■ Work required:
Among the entries below, find the line with "T (\<lambda>x. g", then quote it and each following line up to and including the line with "using W(2) mem_H", and nothing else.

■ Data records:
theorem corollary3:
  fixes A :: "'a::euclidean_space set"
    and rho0 rho1 :: "'a \<Rightarrow> real"
    and r :: real
    and W :: "real \<Rightarrow> 'a \<Rightarrow> real"
  assumes dim: "DIM('a) \<ge> 2"
    and A: "compact A" "convex A"
    and rho0_meas: "rho0 \<in> borel_measurable lebesgue"
    and rho0_nonneg: "\<And>x. 0 \<le> rho0 x"
    and rho0_supp: "\<And>x. x \<notin> A \<Longrightarrow> rho0 x = 0"
    and rho0_pos: "AE x in lebesgue. x \<in> A \<longrightarrow> 0 < rho0 x"
    and mu_prob: "prob_space (density lebesgue (\<lambda>x. ennreal (rho0 x)))"
    and rho1_meas: "rho1 \<in> borel_measurable lebesgue"
    and rho1_nonneg: "\<And>x. 0 \<le> rho1 x"
    and rho1_supp: "\<And>x. x \<notin> cball 0 r \<Longrightarrow> rho1 x = 0"
    and rho1_pos: "AE x in lebesgue. x \<in> cball 0 r \<longrightarrow> 0 < rho1 x"
    and nu_prob: "prob_space (density lebesgue (\<lambda>x. ennreal (rho1 x)))"
    and W: "\<And>t. 0 \<le> t \<Longrightarrow> brenier_potential A rho0 rho1 t (W t)"
  shows "\<exists>(tn :: nat \<Rightarrow> real) (\<phi> :: 'a \<Rightarrow> real).
           filterlim tn at_top sequentially \<and>
           (AE x in lebesgue. x \<in> A \<longrightarrow>
              (\<lambda>n. phi_of (W (tn n)) (tn n) x) \<longlonglongrightarrow> \<phi> x)"
proof -
  define r' where "r' = max r 0"
  have supp: "\<And>y. y \<notin> cball 0 r' \<Longrightarrow> rho1 y = 0"
    using rho1_supp by (auto simp: r'_def)
  define f where "f n = phi_of (W (real n)) (real n)" for n
  have brenier: "brenier_potential A rho0 rho1 (real n) (W (real n))" for n
    using W by simp
  have sublevel: "convex {x\<in>A. f n x < c}" for n c
    using brenier[of n] A(2) unfolding f_def brenier_potential_def
    by (intro phi_of_sublevel_convex) auto
  have bound: "AE x in lebesgue. x \<in> A \<longrightarrow> \<bar>f n x\<bar> \<le> 2 * max 1 (max r' (diameter A))" for n
    unfolding f_def using compact_imp_bounded[OF A(1)] rho0_meas rho0_pos rho1_meas supp
    by (intro brenier_phi_bound[OF brenier]) (auto simp: r'_def)
  have "AE x in lebesgue. \<forall>n. x \<in> A \<longrightarrow> \<bar>f n x\<bar> \<le> 2 * max 1 (max r' (diameter A))"
    unfolding AE_all_countable using bound by blast
  then have "AE x in lebesgue. x \<in> A \<longrightarrow> (\<forall>n. \<bar>f n x\<bar> \<le> 2 * max 1 (max r' (diameter A)))"
    by eventually_elim blast
  then obtain s \<phi> where s: "strict_mono s"
    and lim: "AE x in lebesgue. x \<in> A \<longrightarrow> (\<lambda>n. f (s n) x) \<longlonglongrightarrow> \<phi> x"
    using quasiconvex_subseq_ae_convergent[where f = f and A = A, OF sublevel] by blast
  have "filterlim (\<lambda>n. real (s n)) at_top sequentially"
    using filterlim_compose[OF filterlim_real_sequentially filterlim_subseq[OF s]]
    by (simp add: o_def)
  with lim show ?thesis
    unfolding f_def by blast
qed

end
lemma continuous_map_group_mult:
  assumes "continuous_map X T f" "continuous_map X T g"
  shows "continuous_map X T (\<lambda>x. f x \<otimes> g x)"
  using continuous_map_compose[OF continuous_map_pairedI[OF assms] continuous_mult]
  by (simp add: o_def)

lemma continuous_map_group_inv:
  "continuous_map X T f \<Longrightarrow> continuous_map X T (\<lambda>x. inv (f x))"
  using continuous_map_compose[OF _ continuous_inv] by (simp add: o_def)

lemma continuous_map_group_const: "c \<in> carrier G \<Longrightarrow> continuous_map X T (\<lambda>x. c)"
  by (simp add: topspace_eq)

lemma openin_group_preimage:
  "continuous_map T T f \<Longrightarrow> openin T U \<Longrightarrow> openin T {x \<in> carrier G. f x \<in> U}"
  using openin_continuous_map_preimage[of T T f U] by (simp add: topspace_eq)

lemma closedin_group_preimage:
  "continuous_map T T f \<Longrightarrow> closedin T U \<Longrightarrow> closedin T {x \<in> carrier G. f x \<in> U}"
  using closedin_continuous_map_preimage[of T T f U] by (simp add: topspace_eq)

lemma continuous_map_l_mult: "g \<in> carrier G \<Longrightarrow> continuous_map T T (\<lambda>x. g \<otimes> x)"
  by (intro continuous_map_group_mult continuous_map_group_const continuous_map_id[unfolded id_def])

lemma continuous_map_r_mult: "g \<in> carrier G \<Longrightarrow> continuous_map T T (\<lambda>x. x \<otimes> g)"
  by (intro continuous_map_group_mult continuous_map_group_const continuous_map_id[unfolded id_def])

lemma openin_r_coset: "subgroup H G \<Longrightarrow> openin T H \<Longrightarrow> g \<in> carrier G \<Longrightarrow> openin T (H #> g)"
  by (simp add: r_coset_eq_preimage openin_group_preimage continuous_map_r_mult)

lemma closedin_r_coset: "subgroup H G \<Longrightarrow> closedin T H \<Longrightarrow> g \<in> carrier G \<Longrightarrow> closedin T (H #> g)"
  by (simp add: r_coset_eq_preimage closedin_group_preimage continuous_map_r_mult)

lemma openin_subtopology_l_coset:
  assumes H: "subgroup H G" and L: "subgroup L G" "openin (subtopology T H) L" and x: "x \<in> H"
  shows "openin (subtopology T H) (x <# L)"
proof -
  obtain W where W: "openin T W" "L = W \<inter> H"
    using L(2) unfolding openin_subtopology by blast
  have xc: "x \<in> carrier G"
    using x subgroup.mem_carrier[OF H] by blast
  have mem_H: "y \<in> H" if y: "y \<in> carrier G" "inv x \<otimes> y \<in> H" for y
  proof -
    have "x \<otimes> (inv x \<otimes> y) \<in> H"
      using subgroup.m_closed[OF H x y(2)] .
    then show "y \<in> H"
      using xc y by (simp add: m_inv_cancel_left)
  qed
  have "{y \<in> carrier G. inv x \<otimes> y \<in> L} = {y \<in> carrier G. inv x \<otimes> y \<in> W} \<inter> H"
    using W(2) mem_H subgroup.m_closed[OF H subgroup.m_inv_closed[OF H x]] by auto
  then have "x <# L = {y \<in> carrier G. inv x \<otimes> y \<in> W} \<inter> H"
    by (simp add: l_coset_eq_preimage[OF L(1) xc])
  moreover have "openin T {y \<in> carrier G. inv x \<otimes> y \<in> W}"
    using xc W(1) by (simp add: openin_group_preimage continuous_map_l_mult)
  ultimately show ?thesis
    unfolding openin_subtopology by blast
qed

lemma openin_subtopology_subgroup_superset:
  assumes H: "subgroup H G" and L: "subgroup L G" "openin (subtopology T H) L"
    and L': "subgroup L' G" "L \<subseteq> L'" "L' \<subseteq> H"
  shows "openin (subtopology T H) L'"
proof -
  have "L' = (\<Union>x \<in> L'. x <# L)"
  proof
    show "L' \<subseteq> (\<Union>x \<in> L'. x <# L)"
      using lcos_self[OF subgroup.mem_carrier[OF L'(1)] L(1)] by blast
    show "(\<Union>x \<in> L'. x <# L) \<subseteq> L'"
      using L'(1,2) by (auto simp: l_coset_def intro: subgroup.m_closed)
  qed
  also have "openin (subtopology T H) \<dots>"
    using L L'(2,3) H by (intro openin_Union) (auto intro: openin_subtopology_l_coset)
  finally show ?thesis .
qed

lemma closedin_open_subgroup:
  assumes H: "subgroup H G" "closedin T H"
    and L: "subgroup L G" "L \<subseteq> H" "openin (subtopology T H) L"
  shows "closedin T L"
proof -
  have "H - L = (\<Union>x \<in> H - L. x <# L)"
  proof
    show "H - L \<subseteq> (\<Union>x \<in> H - L. x <# L)"
      using lcos_self[OF subgroup.mem_carrier[OF H(1)] L(1)] by blast
    have "x <# L \<subseteq> H - L" if "x \<in> H - L" for x
    proof -
      have "x <# L \<subseteq> H"
        using that L(2) H(1) by (auto simp: l_coset_def intro: subgroup.m_closed)
      moreover have "y \<notin> L" if "y \<in> x <# L" for y
      proof
        assume "y \<in> L"
        obtain l where "l \<in> L" "y = x \<otimes> l"
          using \<open>y \<in> x <# L\<close> unfolding l_coset_def by blast
        then have "x = y \<otimes> inv l"
          using \<open>x \<in> H - L\<close> H(1) L(1) by (simp add: m_assoc subgroup.mem_carrier)
        then show False
          using \<open>x \<in> H - L\<close> \<open>y \<in> L\<close> \<open>l \<in> L\<close> L(1) by (simp add: subgroup.m_closed subgroup.m_inv_closed)
      qed
      ultimately show ?thesis
        by blast
    qed
    then show "(\<Union>x \<in> H - L. x <# L) \<subseteq> H - L"
      by blast
  qed
  also have "openin (subtopology T H) \<dots>"
    using H(1) L by (intro openin_Union) (auto intro: openin_subtopology_l_coset)
  finally have "closedin (subtopology T H) L"
    using L(2) H(1) topspace_eq subgroup.subset[OF H(1)]
    by (simp add: closedin_def Int_absorb1)
  then show ?thesis
    using H(2) closedin_trans_full by blast
qed
lemma linear_fun_comp: "linear_fun f \<Longrightarrow> linear_fun g \<Longrightarrow> linear_fun (f \<circ> g)"
  unfolding linear_fun_def
proof (elim exE)
  fix a b c d assume "\<forall>x. f x = a * x + b" "\<forall>x. g x = c * x + d"
  then have "\<forall>x. (f \<circ> g) x = (a * c) * x + (a * d + b)" by (simp add: algebra_simps)
  then show "\<exists>a b. \<forall>x. (f \<circ> g) x = a * x + b" by blast
qed

lemma linear_fun_min_le:
  assumes "linear_fun l" "a \<le> t" "t \<le> b"
  shows "min (l a) (l b) \<le> l t"
proof (cases "0 \<le> slope l")
  case True
  then have "slope l * a \<le> slope l * t" using assms(2) by (simp add: mult_left_mono)
  then show ?thesis using linear_fun_eq[OF assms(1)] by (metis add_le_cancel_right min.coboundedI1)
next
  case False
  then have "slope l * b \<le> slope l * t" using assms(3) by (simp add: mult_left_mono_neg)
  then show ?thesis using linear_fun_eq[OF assms(1)] by (metis add_le_cancel_right min.coboundedI2)
qed

lemma linear_fun_le_leftward:
  assumes "linear_fun l" "linear_fun s" "slope s \<le> slope l" "l x \<le> s x" "y \<le> x"
  shows "l y \<le> s y"
proof -
  have "slope s * (x - y) \<le> slope l * (x - y)" using assms(3,5) by (simp add: mult_right_mono)
  then show ?thesis
    using assms(4) linear_fun_diff[OF assms(1), of x y] linear_fun_diff[OF assms(2), of x y] by linarith
qed

lemma linear_fun_eq_on_two_points:
  assumes l: "linear_fun l" and l': "linear_fun l'"
    and "l x = l' x" "l y = l' y" "x \<noteq> y"
  shows "l = l'"
proof -
  have "slope l * (x - y) = slope l' * (x - y)"
    using assms(3,4) linear_fun_diff[OF l, of x y] linear_fun_diff[OF l', of x y] by linarith
  then have "slope l = slope l'" using \<open>x \<noteq> y\<close> by simp
  moreover have "l 0 = l' 0"
    using assms(3) linear_fun_eq[OF l, of x] linear_fun_eq[OF l', of x] calculation by simp
  ultimately show ?thesis
    using linear_fun_eq[OF l] linear_fun_eq[OF l'] by (intro ext) metis
qed

lemma is_interval_linear_fun_image:
  assumes "linear_fun l" "is_interval J"
  shows "is_interval (l ` J)"
proof -
  have "l = (\<lambda>x. l 0 + slope l *\<^sub>R x)"
  proof
    show "l x = l 0 + slope l *\<^sub>R x" for x
      using linear_fun_eq[OF assms(1), of x] by simp
  qed
  then show ?thesis
    using assms(2) convex_affinity is_interval_convex_1 by metis
qed

lemma piece_partition_linear_fun: "linear_fun l \<Longrightarrow> piece_partition l {UNIV}"
  unfolding piece_partition_def linear_fun_def by simp

lemma lower_env_le: "finite S \<Longrightarrow> s \<in> S \<Longrightarrow> lower_env S x \<le> s x"
  unfolding lower_env_def by (rule Min_le) auto

lemma upper_env_ge: "finite S \<Longrightarrow> s \<in> S \<Longrightarrow> s x \<le> upper_env S x"
  unfolding upper_env_def by (rule Max_ge) auto

lemma lower_env_attained: "finite S \<Longrightarrow> S \<noteq> {} \<Longrightarrow> \<exists>s\<in>S. lower_env S x = s x"
proof -
  assume "finite S" "S \<noteq> {}"
  then have "Min ((\<lambda>f. f x) ` S) \<in> (\<lambda>f. f x) ` S" by (intro Min_in) auto
  then show ?thesis unfolding lower_env_def by auto
qed

lemma upper_env_attained: "finite S \<Longrightarrow> S \<noteq> {} \<Longrightarrow> \<exists>s\<in>S. upper_env S x = s x"
proof -
  assume "finite S" "S \<noteq> {}"
  then have "Max ((\<lambda>f. f x) ` S) \<in> (\<lambda>f. f x) ` S" by (intro Max_in) auto
  then show ?thesis unfolding upper_env_def by auto
qed

lemma lower_env_insert:
  "finite S \<Longrightarrow> S \<noteq> {} \<Longrightarrow> lower_env (insert l S) x = min (l x) (lower_env S x)"
  unfolding lower_env_def by (simp add: Min_insert)

lemma upper_env_eq_uminus_lower_env:
  assumes "finite S" "S \<noteq> {}"
  shows "upper_env S = - lower_env (uminus ` S)"
proof
  fix x
  have "(\<lambda>f. f x) ` uminus ` S = uminus ` (\<lambda>f. f x) ` S"
    by (simp add: image_image)
  moreover have "- Max ((\<lambda>f. f x) ` S) = Min (uminus ` (\<lambda>f. f x) ` S)"
    using assms by (intro minus_Max_eq_Min) auto
  ultimately show "upper_env S x = (- lower_env (uminus ` S)) x"
    unfolding lower_env_def upper_env_def by simp
qed

lemma lower_env_eqI:
  assumes "finite H" "L \<subseteq> H" "\<And>x. \<exists>l\<in>L. lower_env H x = l x"
  shows "lower_env L = lower_env H"
proof
  fix x
  show "lower_env L x = lower_env H x"
    unfolding lower_env_def[of L]
  proof (rule Min_eqI)
    show "finite ((\<lambda>l. l x) ` L)" using assms(1,2) finite_subset by blast
    show "lower_env H x \<le> y" if "y \<in> (\<lambda>l. l x) ` L" for y
      using that assms(1,2) lower_env_le by blast
    show "lower_env H x \<in> (\<lambda>l. l x) ` L" using assms(3)[of x] by force
  qed
qed
(* Let $2\le n\le\infty$, $r\ge0$ and let $A$ be an $n$-multicomplex. Then $\iota_A=\iota\otimes1_A\colon A\cong R^{0,0}\otimes A\to P_r(A)=\Lambda_r\otimes A$ is an $r$-homotopy equivalence (hence an $E_r$-quasi-isomorphism), and $\pi_A=\pi\otimes1_A\colon P_r(A)\to A\oplus A$ is a fibration in the $r$-model structure, i.e. $E_i(\pi_A)$ is bidegree-wise surjective for all $0\le i\le r$. The composite $\pi_A\iota_A$ is the diagonal $A\to A\oplus A$, so $P_r(A)$ is a (functorial) path object for $A$ in the $r$-model structure.
   Context: $R$ is a commutative unital ring. For $1\le n\le\infty$, an $n$-multicomplex is a $\mathbb Z\times\mathbb Z$-bigraded $R$-module $A$ with $R$-linear maps $d_i$ ($i\ge0$) of bidegree $(-i,1-i)$ such that $\sum_{i+j=l}(-1)^id_id_j=0$ for all $l\ge0$ and $d_i=0$ for $i\ge n$; morphisms are bidegree $(0,0)$ maps commuting with all $d_i$. Bicomplexes ($2$-multicomplexes) are regarded as $n$-multicomplexes. Tensor product: $(A\otimes B)^{p,q}=\bigoplus A^{p_1,q_1}\otimes_RB^{p_2,q_2}$ ($p_1+p_2=p$, $q_1+q_2=q$), $d_i(a\otimes b)=d_ia\otimes b+(-1)^{\langle(-i,1-i),(a_1,a_2)\rangle}a\otimes d_ib$ for $a$ of bidegree $(a_1,a_2)$, where $\langle(x_1,x_2),(y_1,y_2)\rangle=x_1y_1+x_2y_2$. Spectral sequence: $Z_0^{p,q}(A)=A^{p,q}$; for $r\ge1$, $Z_r^{p,q}(A)$ is the set of $a_0\in A^{p,q}$ for which there exist $a_j\in A^{p-j,q-j}$ ($1\le j\le r-1$) with $\sum_{i+j=l}(-1)^id_ia_j=0$ for $0\le l\le r-1$. $B_0=0$, $B_1^{p,q}(A)=A^{p,q}\cap\operatorname{im}d_0$, and for $r\ge2$, $B_r^{p,q}(A)$ is the set of $x\in A^{p,q}$ for which there exist $b_i\in A^{p+r-1-i,q+r-2-i}$ ($0\le i\le r-1$) with $x=\sum_{i=0}^{r-1}(-1)^id_ib_{r-1-i}$ and $\sum_{i=0}^l(-1)^id_ib_{l-i}=0$ for $0\le l\le r-2$. $E_r^{p,q}(A)=Z_r^{p,q}(A)/B_r^{p,q}(A)$; $E_r$-quasi-isomorphism means $E_{r+1}(f)$ is an isomorphism. $r$-homotopy: for morphisms $f,g\colon A\to B$, an $r$-homotopy from $f$ to $g$ is a family of maps $h_m\colon A\to B$ ($m\ge0$) of bidegree $(-m+r,-m+r-1)$ with $\sum_{i+j=m}\big((-1)^{i+r}d_ih_j+(-1)^ih_id_j\big)$ equal to $g-f$ if $m=r$ and $0$ otherwise. $f\colon A\to B$ is an $r$-homotopy equivalence if there is $g\colon B\to A$ with $fg$ $r$-homotopic to $1_B$ and $gf$ $r$-homotopic to $1_A$. Path bicomplexes: $\Lambda_0$ has basis $\beta_-,\beta_{0,0}$ in bidegree $(0,0)$ and $\beta_{0,1}$ in bidegree $(0,1)$, with $d_0\beta_-=-\beta_{0,1}$, $d_0\beta_{0,0}=\beta_{0,1}$, other structure maps zero. For $r\ge1$, $\Lambda_r$ has basis $\beta_-$ (bidegree $(0,0)$), $\beta_{-i,-i}$ and $\beta_{-i-1,-i}$ for $0\le i\le r-1$ ($\beta_{u,v}$ in bidegree $(u,v)$), with nonzero structure maps $d_1\beta_{0,0}=-d_1\beta_-=\beta_{-1,0}$, and $d_0\beta_{-i,-i}=\beta_{-i,1-i}$, $d_1\beta_{-i,-i}=\beta_{-i-1,-i}$ for $1\le i\le r-1$. $\iota\colon R^{0,0}\to\Lambda_r$ sends $1\mapsto\beta_-+\beta_{0,0}$, and $\pi\colon\Lambda_r\to(R\oplus R)^{0,0}$ is $(\partial_-,\partial_+)$ where $\partial_-$, $\partial_+$ are the coordinate projections onto $R\beta_-$ and $R\beta_{0,0}$. $P_r(A)=\Lambda_r\otimes A$. The $r$-model structure on $n$-multicomplexes has weak equivalences the $E_r$-quasi-isomorphisms and fibrations the morphisms $f$ with $E_i(f)$ bidegree-wise surjective for $0\le i\le r$. *)

theory Defs
  imports Main "HOL-Library.Extended_Nat" "HOL-Library.Function_Algebras" "HOL-Library.Product_Plus"
begin

text \<open>A bigraded R-module is given by its homogeneous components A^{p,q}, each a
submodule-like subset of an ambient abelian group 'a, with a scalar action of the
commutative unital ring 'r. All maps (structure maps, morphisms, homotopies) are given
componentwise, indexed by the bidegree of their source component; A is regarded as the
external direct sum of its components.\<close>

record ('r, 'a) mcx =
  car  :: "int \<Rightarrow> int \<Rightarrow> 'a set"
  smul :: "'r \<Rightarrow> 'a \<Rightarrow> 'a"
  dd   :: "nat \<Rightarrow> int \<Rightarrow> int \<Rightarrow> 'a \<Rightarrow> 'a"

definition sgnf :: "nat \<Rightarrow> 'a::ab_group_add \<Rightarrow> 'a" where
  "sgnf i x = (if even i then x else - x)"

■ Task result:
lemma continuous_map_l_mult: "g \<in> carrier G \<Longrightarrow> continuous_map T T (\<lambda>x. g \<otimes> x)"
  by (intro continuous_map_group_mult continuous_map_group_const continuous_map_id[unfolded id_def])

lemma continuous_map_r_mult: "g \<in> carrier G \<Longrightarrow> continuous_map T T (\<lambda>x. x \<otimes> g)"
  by (intro continuous_map_group_mult continuous_map_group_const continuous_map_id[unfolded id_def])

lemma openin_r_coset: "subgroup H G \<Longrightarrow> openin T H \<Longrightarrow> g \<in> carrier G \<Longrightarrow> openin T (H #> g)"
  by (simp add: r_coset_eq_preimage openin_group_preimage continuous_map_r_mult)

lemma closedin_r_coset: "subgroup H G \<Longrightarrow> closedin T H \<Longrightarrow> g \<in> carrier G \<Longrightarrow> closedin T (H #> g)"
  by (simp add: r_coset_eq_preimage closedin_group_preimage continuous_map_r_mult)

lemma openin_subtopology_l_coset:
  assumes H: "subgroup H G" and L: "subgroup L G" "openin (subtopology T H) L" and x: "x \<in> H"
  shows "openin (subtopology T H) (x <# L)"
proof -
  obtain W where W: "openin T W" "L = W \<inter> H"
    using L(2) unfolding openin_subtopology by blast
  have xc: "x \<in> carrier G"
    using x subgroup.mem_carrier[OF H] by blast
  have mem_H: "y \<in> H" if y: "y \<in> carrier G" "inv x \<otimes> y \<in> H" for y
  proof -
    have "x \<otimes> (inv x \<otimes> y) \<in> H"
      using subgroup.m_closed[OF H x y(2)] .
    then show "y \<in> H"
      using xc y by (simp add: m_inv_cancel_left)
  qed
  have "{y \<in> carrier G. inv x \<otimes> y \<in> L} = {y \<in> carrier G. inv x \<otimes> y \<in> W} \<inter> H"
    using W(2) mem_H subgroup.m_closed[OF H subgroup.m_inv_closed[OF H x]] by auto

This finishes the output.